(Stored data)
━━━━━━━━━━━━━━━━━━━━━━━━━━━━━━
abbreviation F :: "'h set" where "F \<equiv> range (int_comb fs)"
abbreviation D :: "'h set" where "D \<equiv> range (int_comb ds)"
abbreviation \<Gamma> :: "'h set" where "\<Gamma> \<equiv> range (int_comb (fs @ ds))"

lemma length_fs: "length fs = length rs" and length_ds: "length ds = length ss"
  using fs_rs ds_ss by (simp_all add: biorthogonal_def)

lemma rs_radical: "i < length rs \<Longrightarrow> rs ! i \<in> radical B L"
  using radical_eq set_subset_range_int_comb nth_mem by blast

lemma rs_L: "set rs \<subseteq> L"
  using rs_radical by (auto simp: radical_def in_set_conv_nth)

lemma rs_orthogonal_span:
  assumes "i < length rs" "y \<in> span L"
  shows "B (rs ! i) y = 0"
proof (rule bilinear_orthogonal_span[OF bil _ assms(2)])
  show "B (rs ! i) a = 0" if "a \<in> L" for a
    using rs_radical[OF assms(1)] that by (simp add: radical_def)
qed

lemma fs_orthogonal_span_ss:
  assumes "i < length fs" "y \<in> span (set ss)"
  shows "B (fs ! i) y = 0"
proof (rule bilinear_orthogonal_span[OF bil _ assms(2)])
  show "B (fs ! i) a = 0" if "a \<in> set ss" for a
    using fs_ss[OF assms(1)] that by (metis in_set_conv_nth)
qed

lemma span_ss_subset: "span (set ss) \<subseteq> span L"
  using ss_L span_mono by blast

lemma span_radical: "span (radical B L) = span (set rs)"
  using radical_eq span_range_int_comb by simp

lemma ds_rs:
  assumes "i < length ds" "j < length rs"
  shows "B (ds ! i) (rs ! j) = 0"
proof -
  have "ds ! i \<in> span L" using ds_span span_ss_subset nth_mem[OF assms(1)] by blast
  then show ?thesis using rs_orthogonal_span[OF assms(2)] sym by metis
qed

lemma ds_fs:
  assumes "i < length ds" "j < length fs"
  shows "B (ds ! i) (fs ! j) = 0"
proof -
  have "ds ! i \<in> span (set ss)" using ds_span nth_mem[OF assms(1)] by blast
  then show ?thesis using fs_orthogonal_span_ss[OF assms(2)] sym by metis
qed

lemma rs_ss:
  assumes "i < length rs" "j < length ss"
  shows "B (rs ! i) (ss ! j) = 0"
proof -
  have "ss ! j \<in> span L" using ss_L nth_mem[OF assms(2)] span_base by blast
  then show ?thesis using rs_orthogonal_span[OF assms(1)] by blast
qed

lemma rs_span_orthogonal:
  assumes "i < length rs" "y \<in> span (set rs)"
  shows "B (rs ! i) y = 0"
proof -
  have "y \<in> span L" using assms(2) rs_L span_mono by blast
  then show ?thesis using rs_orthogonal_span[OF assms(1)] by blast
qed

lemma Gamma_biorthogonal: "biorthogonal B (fs @ ds) (rs @ ss)"
  using biorthogonal_append[OF fs_rs ds_ss fs_ss ds_rs] .

lemma rs_ss_L: "j < length (rs @ ss) \<Longrightarrow> (rs @ ss) ! j \<in> L"
  using rs_L ss_L nth_mem[of j "rs @ ss"] by auto

lemma pairing_L_eq_sum:
  assumes "a \<in> L"
  obtains c where "B x a = (\<Sum>j<length (rs @ ss). of_int (c j) * B x ((rs @ ss) ! j))"
proof -
  obtain c where "a = int_comb (rs @ ss) c" using L_sub assms by blast
  then show ?thesis
    using that[of c] by (simp add: int_comb_eq_lin_comb bilinear_lin_comb_right[OF bil])
qed

lemma dual_lattice_iff: "x \<in> dual_lattice B L \<longleftrightarrow> (\<forall>j<length (rs @ ss). B x ((rs @ ss) ! j) \<in> \<int>)"
proof
  show "x \<in> dual_lattice B L" if "\<forall>j<length (rs @ ss). B x ((rs @ ss) ! j) \<in> \<int>"
    unfolding dual_lattice_def
  proof (intro CollectI ballI)
    fix a assume "a \<in> L"
    then obtain c where "B x a = (\<Sum>j<length (rs @ ss). of_int (c j) * B x ((rs @ ss) ! j))"
      by (rule pairing_L_eq_sum)
    then show "B x a \<in> \<int>" using that by (auto intro!: Ints_sum Ints_mult)
  qed
qed (use rs_ss_L in \<open>auto simp: dual_lattice_def\<close>)

lemma perp_space_iff: "x \<in> perp_space B L \<longleftrightarrow> (\<forall>j<length (rs @ ss). B x ((rs @ ss) ! j) = 0)"
proof
  show "x \<in> perp_space B L" if "\<forall>j<length (rs @ ss). B x ((rs @ ss) ! j) = 0"
    unfolding perp_space_def
  proof (intro CollectI ballI)
    fix a assume "a \<in> L"
    then obtain c where "B x a = (\<Sum>j<length (rs @ ss). of_int (c j) * B x ((rs @ ss) ! j))"
      by (rule pairing_L_eq_sum)
    then show "B x a = 0" using that by simp
  qed
qed (use rs_ss_L in \<open>auto simp: perp_space_def\<close>)

lemma Gamma_pairing:
  "j < length (rs @ ss) \<Longrightarrow> B (int_comb (fs @ ds) k) ((rs @ ss) ! j) = of_int (k j)"
  by (rule biorthogonal_int_comb[OF bil Gamma_biorthogonal])

lemma Gamma_subset_dual_lattice: "\<Gamma> \<subseteq> dual_lattice B L"
proof
  fix g assume "g \<in> \<Gamma>"
  then obtain k where g: "g = int_comb (fs @ ds) k" by blast
  show "g \<in> dual_lattice B L"
    unfolding dual_lattice_iff g using Gamma_pairing by (metis Ints_of_int)
qed

lemma perp_space_Gamma_internal_dsum:
  "internal_dsum [perp_space B L, \<Gamma>] (dual_lattice B L)"
proof (rule internal_dsum_2I)
  fix w g assume "w \<in> perp_space B L" "g \<in> \<Gamma>"
  then have "w \<in> dual_lattice B L" "g \<in> dual_lattice B L"
    using perp_space_subset_dual_lattice[of B L] Gamma_subset_dual_lattice by blast+
  then show "w + g \<in> dual_lattice B L" by (rule dual_lattice_add[OF bil])
next
  fix x assume x: "x \<in> dual_lattice B L"
  define g where "g = int_comb (fs @ ds) (\<lambda>j. \<lfloor>B x ((rs @ ss) ! j)\<rfloor>)"
  have "x - g \<in> perp_space B L"
    using x by (simp add: perp_space_iff dual_lattice_iff g_def Gamma_pairing of_int_floor_Ints
        bilinear_lsub[OF bil])
  then show "\<exists>w g. w \<in> perp_space B L \<and> g \<in> \<Gamma> \<and> w + g = x"
    by (intro exI[of _ "x - g"] exI[of _ g]) (auto simp: g_def)
next
  fix w g w' g'
  assume w: "w \<in> perp_space B L" "w' \<in> perp_space B L"
    and g: "g \<in> \<Gamma>" "g' \<in> \<Gamma>"
    and eq: "w + g = w' + g'"
  obtain k k' where k: "g = int_comb (fs @ ds) k" "g' = int_comb (fs @ ds) k'" using g by blast
  have "of_int (k j) = (of_int (k' j) :: real)" if "j < length (fs @ ds)" for j
  proof -
    have "j < length (rs @ ss)" using that Gamma_biorthogonal by (simp add: biorthogonal_def)
    then have "B (w + g) ((rs @ ss) ! j) = B (w' + g') ((rs @ ss) ! j)" using eq by simp
    then show ?thesis
      using w \<open>j < length (rs @ ss)\<close>
      by (simp add: bilinear_ladd[OF bil] perp_space_iff k Gamma_pairing)
  qed
  then have "g = g'" unfolding k int_comb_eq_lin_comb by (rule lin_comb_cong)
  then show "w = w' \<and> g = g'" using eq by simp
qed

definition frame_comb :: "(nat \<Rightarrow> real) \<Rightarrow> (nat \<Rightarrow> real) \<Rightarrow> (nat \<Rightarrow> real) \<Rightarrow> 'h" where
  "frame_comb a b c = lin_comb rs a + lin_comb fs b + lin_comb ds c"

lemma frame_comb_rs:
  assumes "j < length rs"
  shows "B (frame_comb a b c) (rs ! j) = b j"
proof -
  have "B (lin_comb rs a) (rs ! j) = 0"
    using rs_span_orthogonal[OF assms lin_comb_in_span] sym by metis
  moreover have "B (lin_comb fs b) (rs ! j) = b j"
    using biorthogonal_lin_comb[OF bil fs_rs] assms by blast
  moreover have "B (lin_comb ds c) (rs ! j) = 0"
    using assms ds_rs by (intro bilinear_lin_comb_left_eq_0[OF bil])
  ultimately show ?thesis by (simp add: frame_comb_def bilinear_ladd[OF bil])
qed

lemma frame_comb_ss:
  assumes "j < length ss"
  shows "B (frame_comb a b c) (ss ! j) = c j"
proof -
  have "B (lin_comb rs a) (ss ! j) = 0"
    using assms rs_ss by (intro bilinear_lin_comb_left_eq_0[OF bil])
  moreover have "B (lin_comb fs b) (ss ! j) = 0"
    using assms fs_ss by (intro bilinear_lin_comb_left_eq_0[OF bil])
  moreover have "B (lin_comb ds c) (ss ! j) = c j"
    using biorthogonal_lin_comb[OF bil ds_ss] assms by blast
  ultimately show ?thesis by (simp add: frame_comb_def bilinear_ladd[OF bil])
qed

lemma frame_comb_fs:
  assumes "j < length fs"
  shows "B (frame_comb a b c) (fs ! j) = a j"
proof -
  have "B (lin_comb rs a) (fs ! j) = a j"
    using biorthogonal_lin_comb[OF bil biorthogonal_swap[OF sym fs_rs]] assms by blast
  moreover have "B (lin_comb fs b) (fs ! j) = 0"
    using assms fs_fs by (intro bilinear_lin_comb_left_eq_0[OF bil])
  moreover have "B (lin_comb ds c) (fs ! j) = 0"
    using assms ds_fs by (intro bilinear_lin_comb_left_eq_0[OF bil])
  ultimately show ?thesis by (simp add: frame_comb_def bilinear_ladd[OF bil])
qed

definition V :: "'h set" where
  "V = {v. \<forall>y\<in>set (rs @ fs @ ss). B v y = 0}"

lemma subspace_V: "subspace V"
  unfolding V_def by (rule subspace_orthogonal_complement[OF bil])

lemma V_subset_perp_space: "V \<subseteq> perp_space B L"
proof
  fix v assume v: "v \<in> V"
  show "v \<in> perp_space B L"
    unfolding perp_space_iff
  proof (intro allI impI)
    fix j assume "j < length (rs @ ss)"
    then have "(rs @ ss) ! j \<in> set (rs @ ss)" by (rule nth_mem)
    then have "(rs @ ss) ! j \<in> set (rs @ fs @ ss)" by auto
    then show "B v ((rs @ ss) ! j) = 0" using v by (simp add: V_def)
  qed
qed

lemma frame_comb_in_span: "frame_comb a b c \<in> span (set (rs @ fs @ ss))"
proof -
  have sub: "span (set rs) \<subseteq> span (set (rs @ fs @ ss))" "span (set fs) \<subseteq> span (set (rs @ fs @ ss))"
    "span (set ss) \<subseteq> span (set (rs @ fs @ ss))"
    by (intro span_mono; auto)+
  have "span (set ds) \<subseteq> span (set ss)"
    using span_mono[OF ds_span] unfolding span_span .
  then have "lin_comb rs a \<in> span (set (rs @ fs @ ss))" "lin_comb fs b \<in> span (set (rs @ fs @ ss))"
    "lin_comb ds c \<in> span (set (rs @ fs @ ss))"
    using sub lin_comb_in_span by blast+
  then show ?thesis unfolding frame_comb_def by (intro span_add)
qed

lemma V_orthogonal_frame_comb:
  assumes "v \<in> V"
  shows "B v (frame_comb a b c) = 0"
  by (rule bilinear_orthogonal_span[OF bil _ frame_comb_in_span]) (use assms in \<open>simp add: V_def\<close>)

definition V_part :: "'h \<Rightarrow> 'h" where
  "V_part x = x - frame_comb (\<lambda>j. B x (fs ! j)) (\<lambda>j. B x (rs ! j)) (\<lambda>j. B x (ss ! j))"

lemma V_part_in_V: "V_part x \<in> V"
proof -
  let ?p = "frame_comb (\<lambda>j. B x (fs ! j)) (\<lambda>j. B x (rs ! j)) (\<lambda>j. B x (ss ! j))"
  have "B x y = B ?p y" if y: "y \<in> set (rs @ fs @ ss)" for y
  proof -
    consider (rs) j where "j < length rs" "y = rs ! j" | (fs) j where "j < length fs" "y = fs ! j"
      | (ss) j where "j < length ss" "y = ss ! j"
      using y by (auto simp: in_set_conv_nth)
    then show ?thesis by cases (simp_all add: frame_comb_rs frame_comb_fs frame_comb_ss)
  qed
  then show ?thesis by (simp add: V_def V_part_def bilinear_lsub[OF bil])
qed

lemma frame_decomposition:
  "x = V_part x + frame_comb (\<lambda>j. B x (fs ! j)) (\<lambda>j. B x (rs ! j)) (\<lambda>j. B x (ss ! j))"
  by (simp add: V_part_def)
━━━━━━━━━━━━━━━━━━━━━━━━━━━━━━
_Work instructions_
Go through the entries and copy each line holding the string "open".

_Response area_
qed (use rs_ss_L in \<open>auto simp: dual_lattice_def\<close>)
qed (use rs_ss_L in \<open>auto simp: perp_space_def\<close>)
      using w \<open>j < length (rs @ ss)\<close>
  by (rule bilinear_orthogonal_span[OF bil _ frame_comb_in_span]) (use assms in \<open>simp add: V_def\<close>)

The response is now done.